RIDGEWAY – A rancorous Ridgeway Town Council meeting last week was marked by repeated interruptions from Councilwoman Angela Harrison who spent the better part of the meeting chastising other council members for perceived slights, including not sending her every communication that emanated from each council member while she was on an extended summer vacation [July and August], during which she missed three council meetings.
Mayor Heath Cookendorfer informed Harrison that she could have copies of council’s communications upon request and that the town clerk would provide them to her as time permitted.
But Harrison wanted more.
“I want a copy every month of every bank statement for every bank account, including the investment fund,” Harrison fired back. “Under the Freedom of Information Act, I have a right to that.”
Among her string of criticisms, Harrison questioned whether complaints that council received over the last couple of years against former Ridgeway Police Chief Christopher Culp might have been ‘bogus.’ She asked if council had investigated those complaints.
The Voice obtained copies of those complaints from town hall through a Freedom of Information request in June and published many of them last summer. Most could be traced to individuals in the community. Some had brought their complaints before before the public at council meetings.
Councilman Dan Martin said he had looked into an additional group of 41 emails submitted over a very short time, beginning June 19, five days after the June meeting when a motion was made (but not voted on) to terminate Culp, and ending July 26.

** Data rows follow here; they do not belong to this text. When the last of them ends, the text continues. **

lemma advance_last_free_one:
  assumes w: "w = u @ True # replicate r False @ False # zero_ones T" and "w \<in> Fib_words n k"
  shows "homog_transp w (length u) (Suc (length u + r))"
    and "swap_pos w (length u) (Suc (length u + r)) \<in> Fib_words n k"
    and "trailing_blocks w < trailing_blocks (swap_pos w (length u) (Suc (length u + r)))"
proof -
  have swap: "swap_pos w (length u) (Suc (length u + r)) =
      (u @ replicate r False) @ zero_ones (Suc T)"
    using swap_pos_split[of u True "replicate r False" False "zero_ones T"]
    by (simp add: w zero_ones_Suc replicate_append_same[symmetric])
  show "homog_transp w (length u) (Suc (length u + r))"
    by (auto simp: homog_transp_def w nth_append)
  show "swap_pos w (length u) (Suc (length u + r)) \<in> Fib_words n k"
    using \<open>w \<in> Fib_words n k\<close> unfolding swap
    by (auto simp: w Fib_words_iff weight_def zero_ones_Suc no_adjacent_ones_append
        no_adjacent_ones_Cons no_adjacent_ones_replicate_False_append no_adjacent_ones_zero_ones
        hd_zero_ones)
  show "trailing_blocks w < trailing_blocks (swap_pos w (length u) (Suc (length u + r)))"
    unfolding swap trailing_blocks_append_zero_ones
    using trailing_blocks_False_zero_ones[of "u @ True # replicate r False" T] by (simp add: w)
qed

lemma trailing_blocks_mono_swap_left:
  assumes w: "w = u @ True # replicate r False @ False # zero_ones T"
    and h: "homog_transp w i j" and s: "swap_pos w i j \<in> Fib_words n k" and "i \<le> length u"
  shows "trailing_blocks w \<le> trailing_blocks (swap_pos w i j)"
proof -
  define v where "v = u @ True # replicate r False @ [False]"
  have wv: "w = v @ zero_ones T"
    by (simp add: v_def w)
  have len: "length w = length v + 2 * T"
    by (simp add: wv)
  have tail: "w ! x \<longleftrightarrow> odd (x - length v)" if "length v \<le> x" "x < length w" for x
    using that by (simp add: wv nth_append nth_zero_ones)
  have ij: "i < length w" "j < length w" "w ! i" "\<not> w ! j"
    using h by (simp_all add: homog_transp_def)
  have between: "\<not> w ! m" if "min i j < m" "m < max i j" for m
    using h that by (simp add: homog_transp_def)
  have "j < length v"
  proof (rule ccontr)
    assume "\<not> j < length v"
    then have iv: "i < length v" "length v \<le> j"
      using \<open>i \<le> length u\<close> by (simp_all add: v_def)
    have "w ! length u"
      by (simp add: w nth_append)
    then have "\<not> i < length u"
      using between[of "length u"] iv by (auto simp: v_def)
    with \<open>i \<le> length u\<close> have "i = length u"
      by simp
    have "j = length v"
    proof (rule ccontr)
      assume "j \<noteq> length v"
      moreover have "even (j - length v)"
        using iv ij tail[of j] by simp
      ultimately have "Suc (length v) < j"
        using iv by (cases "j - length v") (auto elim!: oddE)
      moreover have "w ! Suc (length v)"
        using tail[of "Suc (length v)"] calculation ij by simp
      ultimately show False
        using between[of "Suc (length v)"] iv by simp
    qed
    then have "Suc (length v) < length w"
      using ij len by simp
    then have "swap_pos w i j ! length v" and "swap_pos w i j ! Suc (length v)"
      using ij \<open>j = length v\<close> iv tail[of "Suc (length v)"] by (simp_all add: nth_swap_pos)
    with \<open>Suc (length v) < length w\<close> s show False
      by (auto simp: Fib_words_def)
  qed
  moreover have "i < length v"
    using \<open>i \<le> length u\<close> by (simp add: v_def)
  ultimately have "swap_pos w i j = swap_pos v i j @ zero_ones T"
    by (simp add: wv swap_pos_append)
  then show ?thesis
    using trailing_blocks_False_zero_ones[of "u @ True # replicate r False" T]
    by (simp add: w trailing_blocks_append_zero_ones)
qed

Martin said of those 41 emails, 27 praised Culp and 14 criticized two town employees who, he said, had not had a single complaint in their employee files over the more than 10 years that each had been employed by the town government.
“Something smelled fishy,” Martin said.
He said that since the 41 emails contained no phone numbers or addresses for verification he contacted all the writers by return email and invited them to bring their complaints to town hall, Martin said.
‘If you do not respond in seven days,’ the email from town hall stated, ‘your email will be considered null and void.’
“We got one response that stated the writer was too busy to respond,” Martin said.
Martin said he tried to verify the authenticity of the 41 emails.
To find the source of each email, Martin said he went to the server for each email received and requested that the password for that email address be texted to the phone number associated with the email. He said he received the last two digits of each phone number associated with the emails.
”I received the last two digits of the phone numbers associated with 35 of the emails. Nothing came up for the other six,” Martin said.
According to Martin, the results of his investigation, based on the last two digits of the phone numbers pointed to only nine phone numbers being associated with the 35 emails.
He gave the following breakdown of the two digit numbers – 16 phone numbers ended with 35, five ended with 50, four ended with 77, three ended with 29, two ended with 53, two ended with 81, one ended with 90, one ended with 91, and one ended with 96.
Martin said the coincidence of so many phone numbers ending with the same two digits in such a small sample is mathematically unlikely.
“It doesn’t make any sense,” Martin said. “As far as I’m concerned, those emails are pretty much all bogus.
“Going forward,” Martin said after the meeting, “we need to ask that when anyone communicates their complaints, compliments or suggestions to the town hall, that they include their names, addresses and phone numbers so that we can get back to them and properly address the issue,” Martin said.